Classic Lasagne (serves 6)

Minced beef500g
Chopped tomato2 x 14oz tins
Red winesplash
butter50g
flour50g
Bay leaf and nutmeg1
milk750ml
parmesan100g
Salt and pepper 
Vegetable oil2 tablespoons
Lasagne sheets10
Celery1 inch
carrot1 small

Chop celery and carrot. Heat 2 tablespoons of oil in a heavy based pot and fry the mince till browned, drain off any excess oil then add the red wine and reduce until evaporated, add carrots, celery and the tomatoes and simmer till tender (approximately 15 minutes at least).

To make the bechamel sauce, place the milk in a large non-stick saucepan, add the bay leaves and nutmeg and gently bring to the boil.
In a separate saucepan melt the butter and add the flour. Beat well and cook for two minutes. Remove the milk from the heat and add a little to the flour mixture. Combine well, and when all the milk has been absorbed, add a little more. Continue to do this until all the milk has been added, whisking continually.

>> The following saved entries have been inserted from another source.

lemma voronoi_congruence:
  assumes "prime p" "p \<ge> 5" "r \<ge> 1" "coprime a p" "even k" "k \<ge> 2" "\<not> p dvd k"
  shows "padic_dvd p r ((of_nat a ^ k - 1) * (bernoulli k / of_nat k)
            - of_nat a ^ (k - 1) * of_int (voronoi_sum (p ^ r) a k))"
proof -
  define N where "N = p ^ r"
  define S where "S = power_sum N k"
  define T where "T = voronoi_sum N a k"
  define E where "E = (\<Sum>i<k. of_nat (k choose i) * bernoulli i * of_nat N ^ (Suc k - i) / of_nat (Suc k - i) :: rat)"
  define W where "W = (of_nat a ^ k - 1) * bernoulli k - of_nat k * of_nat a ^ (k - 1) * (of_int T :: rat)"
  have "int p ^ (2 * r) dvd (int a ^ k - 1) * S - of_nat k * int a ^ (k - 1) * int N * T"
    using voronoi_congruence_int[of a N k] assms(1,4,6)
    by (simp add: N_def S_def T_def prime_gt_0_nat power_mult mult.commute[of 2])
  then have "padic_dvd p (2 * r) (of_int ((int a ^ k - 1) * S - of_nat k * int a ^ (k - 1) * int N * T)
      - (of_int (int a ^ k - 1) * E))"
    using padic_dvd_bernoulli_tail[OF assms(1,2,3,5)]
    by (intro padic_dvd_diff[OF assms(1)] padic_dvd_mult_of_int[OF assms(1)] padic_dvd_of_int[OF assms(1)])
      (simp_all add: E_def N_def)
  moreover have "of_int ((int a ^ k - 1) * S - of_nat k * int a ^ (k - 1) * int N * T)
      - of_int (int a ^ k - 1) * E = of_nat p ^ r * W"
    unfolding W_def S_def E_def N_def by (simp add: power_sum_bernoulli algebra_simps)
  ultimately have "padic_dvd p (r + r) (of_nat p ^ r * W)"
    by (simp add: mult_2)
  then have "padic_dvd p r (W / of_int (int k))"
    using assms(1,7) by (intro padic_dvd_divide_of_int) (simp_all add: padic_dvd_prime_power_mult_iff)
  moreover have "W / of_int (int k) =
      (of_nat a ^ k - 1) * (bernoulli k / of_nat k) - of_nat a ^ (k - 1) * of_int T"
    using assms(6) by (simp add: W_def field_simps)
  ultimately show ?thesis
    by (simp add: T_def N_def)
qed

Blanch the pasta in salted boiling water for three minutes. Put the bechamel sauce at the bottom of a lasagne dish in a layer, then place some of the pasta strips over the top. Follow this with some of the parmesan, and sprinkle over freshly ground black pepper. Follow with a layer of bolognaise. Repeat this step twice until all the ingredients have been used up. Cook in the oven for 30 minutes. Serve.

Breadmaking

Plaited Bread

strong flour350g / 12 oz
salt1/2 teaspoon
easy blend yeast1 packet
olive oil4 tablespoons
tepid water250ml
maldon salt1 tablespoon

First, make the dough. Sieve the flour and salt into a large bowl.  Stir in the yeast. Pour in 2 tablespoons of the olive oil and all the tepid water. Mix to form a dough and knead for 5 minutes. Now put in a greased (or oiled ) bowl and prove in a warm place for 1 hour. Once this is done, knock back the dough and knead for another 2 minutes. Shape the dough into three ropes of the same length and thickness.   The middle one should be in a straight line with the other two coming out at an angle. Lift the left rope over the middle rope so that the left tope becomes the middle. Lift the right over the middle so that the right becomes the middle. Repeat this process until the dough is fully plaited. Leave to rise for 30 minutes. Cook in a pre-heated over for 20 minutes at 200 deg C.

Stuffed Herb Rolls

strong flour  350g / 12 oz
salt  1/2 teaspoon
easy blend yeast  1 packet
olive oil  4 tablespoons
tepid water  250ml
maldon salt  1 tablespoon
mixed herbs  1 tablespoon

First, make the dough. Sieve the flour and salt into a large bowl.  Stir in the yeast. Pour in 2 tablespoons of the olive oil and all the tepid water. Mix to form a dough and knead for 5 minutes. Now put in a greased (or oiled ) bowl and prove in a warm place for 1 hour. Once this is done, knock back the dough and knead for another 2 minutes. Shape the dough into rolls. Stuff with picked herbs. Add eggwash. Leave to rise for 30 minutes. Put in pre-heated oven for 20 mins at 200 deg C

Wholemeal Bloomer

Strong flour175g / 6oz
wholemeal flour175g / 6oz
salt1/2 teaspoon
easy blend yeast1 packet
olive oil4 tablespoons
tepid water250ml
maldon salt1 tablespoon

First, make the dough. Sieve the flours and salt into a large bowl.  Save and add bran to the mix. Stir in the yeast. Pour in 2 tablespoons of the olive oil and all the tepid water. Mix to form a dough and knead for 5 minutes. Now put in a greased (or oiled ) bowl and prove in a warm place for 1 hour. Once this is done, knock back the dough and knead for another 2 minutes. Shape the dough into a loaf. Leave to rise for 30 minutes. Cook in a pre-heated over for 20 minutes at 200 deg C.

Parmesan Baguette

strong flour350g / 12 oz
salt1/2 teaspoon
easy blend yeast1 packet
olive oil4 tablespoons
tepid water250ml
maldon salt1 tablespoon
Fresh parmesan1 oz / 25g

First, make the dough. Sieve the flour and salt into a large bowl.  Stir in the yeast. Pour in 2 tablespoons of the olive oil and all the tepid water. Add the parmesan. Mix to form a dough and knead for 5 minutes. Now put in a greased (or oiled ) bowl and prove in a warm place for 1 hour. Once this is done, knock back the dough and knead for another 2 minutes. The dough is now ready to shape. Shape the dough into rolls. Leave to rise for 30 minutes. Cook in a pre-heated over for 20 minutes at 200 deg C..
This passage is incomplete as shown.